Pak Gibran mengernyit, mencoba mengingat siapakah wanita yang di sampingnya tadi.

"Oh, Dea?" Tanya pak Gibran kemudian.

"Nama yang cantik." Jawab Khanza cetus, masih dengan wajah cemberut tanpa menoleh ke arah pak Gibran kembali.

"Pffft... Lucu sekali." Pak Gibran menahan tawa nya melihat Khanza demikian.

"Ih. apaan sih. Kau malah menertawaiku, mas?"

"Kemari!" Titah pak Gibran sembari menarik tubuh Khanza untuk di dekapnya. Di peluknya erat tubuh Khanza yang begitu wangi di rasa oleh pak Gibran. Membuatnya mulai tak terkendali, namun ia harus menahannya.

"Dia bukan siapa-siapa ku, dia puteri sahabat dekatku di luar negeri. Dia baru saja tiba disini dan sengaja aku mengundangnya ke acara malam ini untuk memohon bantuan agar dia menjadi salah satu donatur di sekolah kita." Jelas pak Gibran dengan lembut di telinga Khanza.

"Benarkah?" Tanya Khanza dengan meregangkan pelukannya pada tubuh pak Gibran.

"Hemm, sejujurnya sejak tadi aku hampir tidak bisa mengalihkan pandangan ku dari mu. Kau begitu menggoda malam ini. Apa kau sengaja memancing hasratku, sayang?"

"Hihihi, tentu. Karena kau sudah semakin nakal dan genit setiap kali berdua dengan ku, mas. Kau bahkan sudah memanggilku dengan sebutan sayang. Aku menyukainya, sangat menyukainya." Jawab Khanza dengan tersenyum nakal. Lagi-lagi pak Gibran mengecup bibir Khanza, namun kali ini begitu singkat.

"Ehm, terimakasih mas. Kau telah menjelaskan siapa wanita yang bersamamu tadi, aku cemburu."

"Oh, jadi kau sungguh cemburu padanya?" Tanya pak Gibran dengan tertawa kecil.

"Iih.. Sudah lah, ayo kita kembali ke aula. Nanti kau di cari oleh semua guru, mas. Aku tahu kau sengaja memohon izin untuk pergi ke toilet bukan, padahal kau sengaja ingin menggodaku seperti ini."
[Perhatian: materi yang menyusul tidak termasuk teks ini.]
(* Let $G$ be a flattened grammar with start symbol $S$, and let $\mathrm{CPS}(G)$ be its CPS transformation (with respect to an arbitrary fixed choice of CPS-triggering nonterminals), with start symbol $\hat S$. Then $G$ and $\mathrm{CPS}(G)$ generate the same language, i.e. for every $\lambda\in\Sigma^*$, $S\Rightarrow^*\lambda$ in $G$ if and only if $\hat S\Rightarrow^*\lambda$ in $\mathrm{CPS}(G)$.
   Context: BNF grammars and flattening. A BNF grammar over terminals $\Sigma$ is a list of rules $X\to e$, where $X$ is a nonterminal (called top-level) and $e$ is an expression: a single symbol; a concatenation $e_1\cdots e_n$ ($n\ge 0$, the case $n=0$ being $\varepsilon$); an alternation $e_1\mid\cdots\mid e_n$; an optional $e_1?$; or a repetition $e_1^*$. The procedure $\mathrm{Flatten}(X,e)$ emits context-free productions: (i) if $e=\alpha$ is a single symbol, emit $X\to\alpha$; (ii) if $e=e_1\cdots e_n$, for each $i$ let $\alpha_i=e_i$ if $e_i$ is a single symbol, and otherwise let $\alpha_i$ be a fresh nonterminal and call $\mathrm{Flatten}(\alpha_i,e_i)$; emit $X\to\alpha_1\cdots\alpha_n$; (iii) if $e=e_1\mid\cdots\mid e_n$, call $\mathrm{Flatten}(X,e_i)$ for each $i$; (iv) if $e=e_1?$, call $\mathrm{Flatten}(X,e_1\mid\varepsilon)$; (v) if $e=e_1^*$, let $\alpha$ be fresh, call $\mathrm{Flatten}(\alpha,e_1)$ and emit $X\to\alpha X$ and $X\to\varepsilon$. The flattened grammar $G$ consists of all productions emitted by $\mathrm{Flatten}(X,e)$ over all rules $X\to e$; its start symbol $S$ is a top-level nonterminal. CPS transformation. A nonterminal is CPS-eligible if it was created as a fresh symbol during flattening. Fix an arbitrary subset of the CPS-eligible nonterminals, called CPS-triggering (terminals and top-level nonterminals are never CPS-triggering). For every nonterminal $Y$ let $\hat Y$ be a new symbol; for a terminal $\sigma$ set $\hat\sigma=\sigma$. Define mutually recursive procedures. $\mathrm{CPSProd}(X\to\alpha_1\cdots\alpha_i\cdot\alpha_{i+1}\cdots\alpha_r,\ \tau)$, where $\tau$ is a string of symbols: if $i=0$, add the production $\hat X\to\tau$ to $\mathrm{CPS}(G)$; if $i>0$ and $\alpha_i$ is not CPS-triggering, call $\mathrm{CPSProd}(X\to\alpha_1\cdots\alpha_{i-1}\cdot\alpha_i\cdots\alpha_r,\ \hat\alpha_i\tau)$; if $i>0$, $\alpha_i$ is CPS-triggering, $i=r$ and $X=\alpha_r$ (i.e. the dotted production has the form $\alpha\to\gamma\alpha\,\cdot$), call $\mathrm{CPSProd}(X\to\alpha_1\cdots\alpha_{r-1}\cdot\alpha_r,\ \hat\alpha_r)$; otherwise ($\alpha_i$ CPS-triggering, not of that form) call $\mathrm{CPSSym}(\alpha_i,\tau)$ and then $\mathrm{CPSProd}(X\to\alpha_1\cdots\alpha_{i-1}\cdot\alpha_i\cdots\alpha_r,\ \hat\alpha_i)$. $\mathrm{CPSSym}(X,\tau)$: for each production $X\to\eta$ of $G$, call $\mathrm{CPSProd}(X\to\eta\,\cdot,\ \tau)$. The grammar $\mathrm{CPS}(G)$ consists of all productions added when $\mathrm{CPSSym}(X,\varepsilon)$ is called for every non-CPS-triggering nonterminal $X$; its start symbol is $\hat S$. *)

theory Defs
  imports Main
begin

datatype ('t, 'a) sym = T 't | N 'a

type_synonym ('t, 'a) prod = "'a \<times> ('t, 'a) sym list"

definition derive1 :: "('t, 'a) prod set \<Rightarrow> ('t, 'a) sym list \<Rightarrow> ('t, 'a) sym list \<Rightarrow> bool" where
  "derive1 P u v \<longleftrightarrow> (\<exists>l r A w. u = l @ [N A] @ r \<and> (A, w) \<in> P \<and> v = l @ w @ r)"

definition derives :: "('t, 'a) prod set \<Rightarrow> ('t, 'a) sym list \<Rightarrow> ('t, 'a) sym list \<Rightarrow> bool" where
  "derives P = (derive1 P)\<^sup>*\<^sup>*"

definition nts :: "('t, 'a) prod set \<Rightarrow> 'a set" where
  "nts P = {A. \<exists>(B, w) \<in> P. A = B \<or> N A \<in> set w}"

datatype ('t, 'n) expr =
    Sym "('t, 'n) sym"
  | Seq "('t, 'n) expr list"
  | Alt "('t, 'n) expr list"
  | Opt "('t, 'n) expr"
  | Star "('t, 'n) expr"

fun is_Sym :: "('t, 'n) expr \<Rightarrow> bool" where
  "is_Sym (Sym _) = True"
| "is_Sym _ = False"

text \<open>A fresh nonterminal is named by the index of the BNF rule and the position
  (path) of the subexpression it was created for; this makes all fresh symbols
  pairwise distinct and distinct from the top-level ones.\<close>
datatype 'n fnt = Top 'n | Fresh nat "nat list"

fun lift_sym :: "('t, 'n) sym \<Rightarrow> ('t, 'n fnt) sym" where
  "lift_sym (T t) = T t"
| "lift_sym (N n) = N (Top n)"

fun seq_sym :: "nat \<Rightarrow> nat list \<Rightarrow> nat \<Rightarrow> ('t, 'n) expr \<Rightarrow> ('t, 'n fnt) sym" where
  "seq_sym i p k (Sym a) = lift_sym a"
| "seq_sym i p k e = N (Fresh i (p @ [k]))"
theorem proposition5p3:
  fixes A B :: tqf and d1 :: "nat \<Rightarrow> nat \<Rightarrow> int" and p q r s :: int
  assumes "nondegenerate A B"
    and "det3 d1 \<noteq> 0" and "p * s - q * r \<noteq> 0"
  shows "\<exists>\<psi>. \<psi> \<in> ring_hom (QR (fst (act d1 p q r s A B)) (snd (act d1 p q r s A B))) (QR A B)
           \<and> inj_on \<psi> (carrier (QR (fst (act d1 p q r s A B)) (snd (act d1 p q r s A B))))
           \<and> (\<forall>i\<in>{1..3}. \<exists>n::int. \<psi> (unitv i) =
                 (\<lambda>k. if k = 0 then n
                      else if k \<le> 3 then det3 d1 * (p * s - q * r) * d1 i k else 0))"
proof -
  define M where "M = (\<lambda>i k. det3 d1 * (p * s - q * r) * d1 i k)"
  obtain n where mult: "qmap_multiplicative (fst (act d1 p q r s A B)) (snd (act d1 p q r s A B)) A B n M"
    unfolding M_def using qmap_multiplicative_act by blast
  have "det3 M = (det3 d1 * (p * s - q * r)) ^ 3 * det3 d1"
    unfolding M_def by (rule det3_scale)
  then have det: "det3 M \<noteq> 0"
    using assms(2,3) by simp
  have images: "\<forall>i\<in>{1..3}. \<exists>m. qmap n M (unitv i) =
      (\<lambda>k. if k = 0 then m else if k \<le> 3 then det3 d1 * (p * s - q * r) * d1 i k else 0)"
  proof (intro ballI exI)
    fix i :: nat assume "i \<in> {1..3}"
    then show "qmap n M (unitv i) =
      (\<lambda>k. if k = 0 then n i else if k \<le> 3 then det3 d1 * (p * s - q * r) * d1 i k else 0)"
      by (simp add: qmap_unitv M_def)
  qed
  show ?thesis
    using qmap_ring_hom[OF mult] qmap_inj_on[OF det] images by blast
qed

end
lemma weak_star_conv_integral:
  fixes g :: "nat \<Rightarrow> 'a \<Rightarrow> real" and c f :: "'a \<Rightarrow> real"
  assumes g: "\<And>n. g n \<in> borel_measurable M" and g_bound: "\<And>n. AE x in M. \<bar>g n x\<bar> \<le> K"
    and c: "c \<in> Linfty M" and conv: "weak_star_conv M g c" and f: "integrable M f"
  shows "(\<lambda>n. \<integral>x. g n x * f x \<partial>M) \<longlonglongrightarrow> (\<integral>x. c x * f x \<partial>M)"
proof -
  obtain Kc where c_meas: "c \<in> borel_measurable M" and c_bound: "AE x in M. \<bar>c x\<bar> \<le> Kc"
    using c by (rule Linfty_bound)
  from f show ?thesis
  proof induct
    case (base A d)
    have "(\<lambda>n. d * set_lebesgue_integral M A (g n)) \<longlonglongrightarrow> d * set_lebesgue_integral M A c"
      using conv base(1) unfolding weak_star_conv_def by (simp add: tendsto_mult_left)
    then show ?case
      by (simp add: set_lebesgue_integral_def ac_simps)
  next
    case (add f h)
    have "(\<lambda>n. (\<integral>x. g n x * f x \<partial>M) + (\<integral>x. g n x * h x \<partial>M))
        \<longlonglongrightarrow> (\<integral>x. c x * f x \<partial>M) + (\<integral>x. c x * h x \<partial>M)"
      using add(2,4) by (rule tendsto_add)
    then show ?case
      using add(1,3)
      by (simp add: distrib_left integrable_bounded_mult[OF g g_bound]
          integrable_bounded_mult[OF c_meas c_bound])
  next
    case (lim f s)
    \<comment> \<open>The functionals \<open>f \<mapsto> \<integral> g n * f\<close> and \<open>f \<mapsto> \<integral> c * f\<close> are uniformly Lipschitz
      in the \<open>L\<^sup>1\<close> norm, so convergence passes to the \<open>L\<^sup>1\<close>-limit \<open>f\<close> of the \<open>s i\<close>.\<close>
    define e where "e i = max K Kc * (\<integral>x. \<bar>s i x - f x\<bar> \<partial>M)" for i
    have s_f: "integrable M (\<lambda>x. s i x - f x)" for i
      using lim(1,5) by simp
    have "(\<lambda>i. \<integral>x. \<bar>s i x - f x\<bar> \<partial>M) \<longlonglongrightarrow> (\<integral>x. 0 \<partial>M)"
    proof (rule integral_dominated_convergence[where w="\<lambda>x. 3 * \<bar>f x\<bar>"])
      show "AE x in M. (\<lambda>i. \<bar>s i x - f x\<bar>) \<longlonglongrightarrow> 0"
        using lim(3) by (intro AE_I2) (metis LIM_zero tendsto_rabs_zero)
      show "AE x in M. norm \<bar>s i x - f x\<bar> \<le> 3 * \<bar>f x\<bar>" for i
        using lim(4) by (intro AE_I2) (smt (verit) real_norm_def)
    qed (use lim(1,5) in auto)
    then have e_0: "e \<longlonglongrightarrow> 0"
      unfolding e_def by (simp add: tendsto_mult_right_zero)
    have g_approx: "\<bar>(\<integral>x. g n x * s i x \<partial>M) - (\<integral>x. g n x * f x \<partial>M)\<bar> \<le> e i" for n i
    proof -
      have "AE x in M. \<bar>g n x\<bar> \<le> max K Kc"
        using g_bound[of n] by eventually_elim auto
      from abs_integral_bounded_mult_le[OF g this s_f]
      show ?thesis
        using lim(1,5) by (simp add: e_def right_diff_distrib integrable_bounded_mult[OF g g_bound])
    qed
    have c_approx: "\<bar>(\<integral>x. c x * s i x \<partial>M) - (\<integral>x. c x * f x \<partial>M)\<bar> \<le> e i" for i
    proof -
      have "AE x in M. \<bar>c x\<bar> \<le> max K Kc"
        using c_bound by eventually_elim auto
      from abs_integral_bounded_mult_le[OF c_meas this s_f]
      show ?thesis
        using lim(1,5) by (simp add: e_def right_diff_distrib integrable_bounded_mult[OF c_meas c_bound])
    qed
    show ?case
      by (rule LIMSEQ_approximation[OF lim(2) g_approx c_approx e_0])
  qed
qed
lemma ann_cre_commute:
  "ann m (cre m' \<psi>) n = cre m' (ann m \<psi>) n + (if m = m' then \<psi> n else 0)"
proof (cases "m = m'")
  case True
  have sq: "complex_of_real (sqrt x) * complex_of_real (sqrt x) = complex_of_real x" if "x \<ge> 0" for x
    using that by (simp flip: of_real_mult)
  show ?thesis
  proof (cases "n m = 0")
    case False
    then have "n(m := n m - 1 + 1) = n"
      by simp
    with False have "ann m (cre m \<psi>) n = of_nat (n m + 1) * \<psi> n"
      and "cre m (ann m \<psi>) n = of_nat (n m) * \<psi> n"
      by (simp_all add: ann_def cre_def mult.assoc[symmetric] sq)
    with True show ?thesis
      by (simp add: algebra_simps)
  qed (use True in \<open>simp add: ann_def cre_def sq\<close>)
next
  case False
  then have "n(m := Suc (n m), m' := n m' - 1) = n(m' := n m' - 1, m := Suc (n m))"
    by (simp add: fun_upd_twist)
  with False show ?thesis
    by (simp add: ann_def cre_def)
qed

section \<open>Smeared field operators\<close>

definition ann_field :: "mode set \<Rightarrow> (mode \<Rightarrow> complex) \<Rightarrow> fock \<Rightarrow> fock" where
  "ann_field M f \<psi> = (\<lambda>n. \<Sum>m\<in>M. cnj (f m) * ann m \<psi> n)"

definition cre_field :: "mode set \<Rightarrow> (mode \<Rightarrow> complex) \<Rightarrow> fock \<Rightarrow> fock" where
  "cre_field M f \<psi> = (\<lambda>n. \<Sum>m\<in>M. f m * cre m \<psi> n)"

lemma finite_support_ann_field:
  "finite M \<Longrightarrow> finite (fock_support \<psi>) \<Longrightarrow> finite (fock_support (ann_field M f \<psi>))"
  unfolding ann_field_def by (intro finite_support_sum finite_support_ann)

lemma finite_support_cre_field:
  "finite M \<Longrightarrow> finite (fock_support \<psi>) \<Longrightarrow> finite (fock_support (cre_field M f \<psi>))"
  unfolding cre_field_def by (intro finite_support_sum finite_support_cre)

lemma fock_inner_ann_field:
  assumes "finite (fock_support u)" and "finite (fock_support \<psi>)"
  shows "fock_inner u (ann_field M f \<psi>) = fock_inner (cre_field M f u) \<psi>"
  using assms by (simp add: ann_field_def cre_field_def fock_inner_sum_right fock_inner_sum_left
      fock_inner_ann)

lemma fock_inner_cre_field:
  assumes "finite (fock_support u)" and "finite (fock_support \<psi>)"
  shows "fock_inner u (cre_field M f \<psi>) = fock_inner (ann_field M f u) \<psi>"
  using assms by (simp add: ann_field_def cre_field_def fock_inner_sum_right fock_inner_sum_left
      fock_inner_cre)

lemma ann_field_cre_field_commute:
  assumes "finite M"
  shows "ann_field M f (cre_field M g \<psi>) n
    = cre_field M g (ann_field M f \<psi>) n + (\<Sum>m\<in>M. cnj (f m) * g m) * \<psi> n"
proof -
  have "ann_field M f (cre_field M g \<psi>) n
      = (\<Sum>m\<in>M. \<Sum>m'\<in>M. cnj (f m) * g m' * ann m (cre m' \<psi>) n)"
    by (simp add: ann_field_def cre_field_def ann_sum sum_distrib_left mult_ac)
  also have "\<dots> = (\<Sum>m\<in>M. \<Sum>m'\<in>M. cnj (f m) * g m' * cre m' (ann m \<psi>) n
      + (if m = m' then cnj (f m) * g m * \<psi> n else 0))"
    by (intro sum.cong refl) (auto simp: ann_cre_commute distrib_left)
  also have "\<dots> = (\<Sum>m\<in>M. \<Sum>m'\<in>M. cnj (f m) * g m' * cre m' (ann m \<psi>) n)
      + (\<Sum>m\<in>M. cnj (f m) * g m) * \<psi> n"
    using assms by (simp add: sum.distrib sum_distrib_right)
  also have "(\<Sum>m\<in>M. \<Sum>m'\<in>M. cnj (f m) * g m' * cre m' (ann m \<psi>) n)
      = cre_field M g (ann_field M f \<psi>) n"
    by (subst sum.swap) (simp add: ann_field_def cre_field_def cre_sum sum_distrib_left mult_ac)
  finally show ?thesis .
qed

lemma fock_norm2_cre_field:
  assumes "finite M" and "finite (fock_support \<psi>)"
  shows "fock_norm2 (cre_field M f \<psi>)
    = fock_norm2 (ann_field M f \<psi>) + (\<Sum>m\<in>M. (cmod (f m))\<^sup>2) * fock_norm2 \<psi>"
proof -
  let ?a = "ann_field M f" and ?c = "cre_field M f"
  have fin: "finite (fock_support (?a \<psi>))" "finite (fock_support (?c \<psi>))"
    using assms by (simp_all add: finite_support_ann_field finite_support_cre_field)
  have const: "(\<Sum>m\<in>M. cnj (f m) * f m) = complex_of_real (\<Sum>m\<in>M. (cmod (f m))\<^sup>2)"
    by (simp add: mult.commute flip: complex_norm_square)
  have "fock_inner (?c \<psi>) (?c \<psi>) = fock_inner \<psi> (?a (?c \<psi>))"
    using fock_inner_ann_field[OF assms(2) fin(2)] by simp
  also have "?a (?c \<psi>) = (\<lambda>n. ?c (?a \<psi>) n + (\<Sum>m\<in>M. cnj (f m) * f m) * \<psi> n)"
    using ann_field_cre_field_commute[OF assms(1)] by blast
  also have "fock_inner \<psi> \<dots> = fock_inner \<psi> (?c (?a \<psi>)) + (\<Sum>m\<in>M. cnj (f m) * f m) * fock_inner \<psi> \<psi>"
    using assms(2) by (simp add: fock_inner_add_right fock_inner_scale_right)
  also have "fock_inner \<psi> (?c (?a \<psi>)) = fock_inner (?a \<psi>) (?a \<psi>)"
    using fock_inner_cre_field[OF assms(2) fin(1)] .
  finally show ?thesis
    unfolding fock_norm2_def const by simp
qed
datatype 'v lterm = LVar 'v | LOne | LMul "'v lterm" "'v lterm"
  | LLdiv "'v lterm" "'v lterm" | LRdiv "'v lterm" "'v lterm"

primrec leval :: "('a \<Rightarrow> 'a \<Rightarrow> 'a) \<Rightarrow> 'a \<Rightarrow> ('v \<Rightarrow> 'a) \<Rightarrow> 'v lterm \<Rightarrow> 'a" where
  "leval m e \<rho> (LVar v) = \<rho> v"
| "leval m e \<rho> LOne = e"
| "leval m e \<rho> (LMul s t) = m (leval m e \<rho> s) (leval m e \<rho> t)"
| "leval m e \<rho> (LLdiv s t) = ldiv m (leval m e \<rho> s) (leval m e \<rho> t)"
| "leval m e \<rho> (LRdiv s t) = rdiv m (leval m e \<rho> s) (leval m e \<rho> t)"

text \<open>Freese--McKenzie: [\<alpha>,\<alpha>] is the least \<delta> with C(\<alpha>,\<alpha>;\<delta>) (term condition).
  Thus [\<alpha>,\<alpha>] = 0 iff C(\<alpha>,\<alpha>;0): for every term t(x,y) and tuples a \<alpha> b, c \<alpha> d,
  t(a,c) = t(a,d) implies t(b,c) = t(b,d). Variables Inl i are the x's, Inr i the y's.\<close>

definition abelian_cong :: "('a \<Rightarrow> 'a \<Rightarrow> 'a) \<Rightarrow> 'a \<Rightarrow> ('a \<times> 'a) set \<Rightarrow> bool" where
  "abelian_cong m e \<alpha> \<longleftrightarrow>
     (\<forall>(t::(nat + nat) lterm) a b c d.
        (\<forall>i. (a i, b i) \<in> \<alpha>) \<longrightarrow> (\<forall>i. (c i, d i) \<in> \<alpha>) \<longrightarrow>
        leval m e (case_sum a c) t = leval m e (case_sum a d) t \<longrightarrow>
        leval m e (case_sum b c) t = leval m e (case_sum b d) t)"

end

theory Submission
  imports Defs
begin

text \<open>
  Write \<open>T\<^sub>s u = s\<^sup>-\<^sup>1(us)\<close>. In a Moufang loop \<open>T\<^sub>s\<close> is a pseudo-automorphism with
  companion \<open>s\<^sup>-\<^sup>3\<close>. As every element is a cube, for each \<open>c\<close> the operation
  \<open>u \<star> v = (u(vc))c\<^sup>-\<^sup>1\<close> is, on \<open>X\<close>, the group operation of \<open>X\<close> transported along some \<open>T\<^sub>s\<close>;
  it is commutative, associative, satisfies \<open>u \<star> u = uu\<close> and \<open>u \<star> (v \<star> u) = (uv)u\<close>, and
  therefore equals the multiplication of the 2-divisible group \<open>X\<close>. So \<open>x(yc) = (xy)c\<close> for
  \<open>x, y \<in> X\<close>, and by duality and conjugation \<open>X\<close> associates with \<open>X\<close> and any third element
  in every position.

  Consequently \<open>(px)(qy) = (pq)(\<phi>(x)\<psi>(y))\<close> and \<open>(px)\<^sup>-\<^sup>1 = p\<^sup>-\<^sup>1 T\<^bsub>p\<^sup>-\<^sup>1\<^esub>(x\<^sup>-\<^sup>1)\<close> for
  \<open>x, y \<in> X\<close>, where \<open>\<phi>, \<psi>\<close> are products of translations, hence third components of
  autotopies, hence semi-automorphisms, hence automorphisms of the 2-divisible abelian group
  \<open>X\<close>. By induction every term satisfies \<open>t(\<sigma>\<tau>) = t(\<sigma>) D(\<tau>)\<close> for \<open>X\<close>-valued \<open>\<tau>\<close>, with
  \<open>D\<close> a homomorphism; this is the term condition \<open>C(\<alpha>, \<alpha>; 0)\<close>.
\<close>

section \<open>Moufang loops\<close>

locale moufang_loop =
  fixes m :: "'a \<Rightarrow> 'a \<Rightarrow> 'a" (infixl "\<cdot>" 70) and e :: 'a
  assumes moufang: "moufang m e"
begin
"Eh, bagaimana kau tahu?" Pak Gibran tersipu malu ketika Khanza menebaknya seperti itu. Karena dugaannya benar begitu.

"Ah, dasar kau mas. Aku ini seorang murid, tapi aku juga sudah banyak berpengalaman dalam hal berhubungan. Trik itu sudah tidak berlaku lagi buat ku, hihihi."

"Huh, dasar kau. Gadis kecil yang nakal..." Pak Gibran menarik gemas hidung Khanza yang mancung.

"Aduduh, sakit mas." Ucap Khanza sedikit memanjakan suara nya tapi justru terkesan mendesah. Pak Gibran melepaskan sentuhan tangannya lalu sedikit menjauh agar tidak terjadi hal yang sudah sejak tadi dia tahan dalam dirinya.

Ah... Sial, kenapa aku selalu meronta begini setiap kali berdekatan dengan gadis ini, seolah aku sedang haus akan hubungan sekss. Dia sangat menggoda, aku tidak bisa menahannya. Tapi ini di sekolah, bagaimana mungkin aku melakukannya diruangan ini.

Bathin pak Gibran berontak.

"Mas, hei. Kau melamun? Ayo, kita kembali ke Aula saja."

Pak Gibran terhentak akan suara Khanza yang mengajaknya untuk segera kembali ke Aula.

"Za, tunggu!" Ujar pak Gibran menahan tangan Khanza.

"Hem???" Khanza menoleh dan menatapnya.

Pak Gibran masih memandangnya dengan tatapan sayu, Khanza mulai bisa menangkapnya dari hembusan nafas pak Gibran yang sudah tidak beraturan. Dia tersenyum puas dalam hatinya.

Akhirnya aku berhasil lagi membuatmu kepanasan menahan diri mas. Aku akan berpura-pura tidak memahami inginmu kali ini. Bisakah kau melontarkan kata ajakan untuk melakukannya disini bersama ku?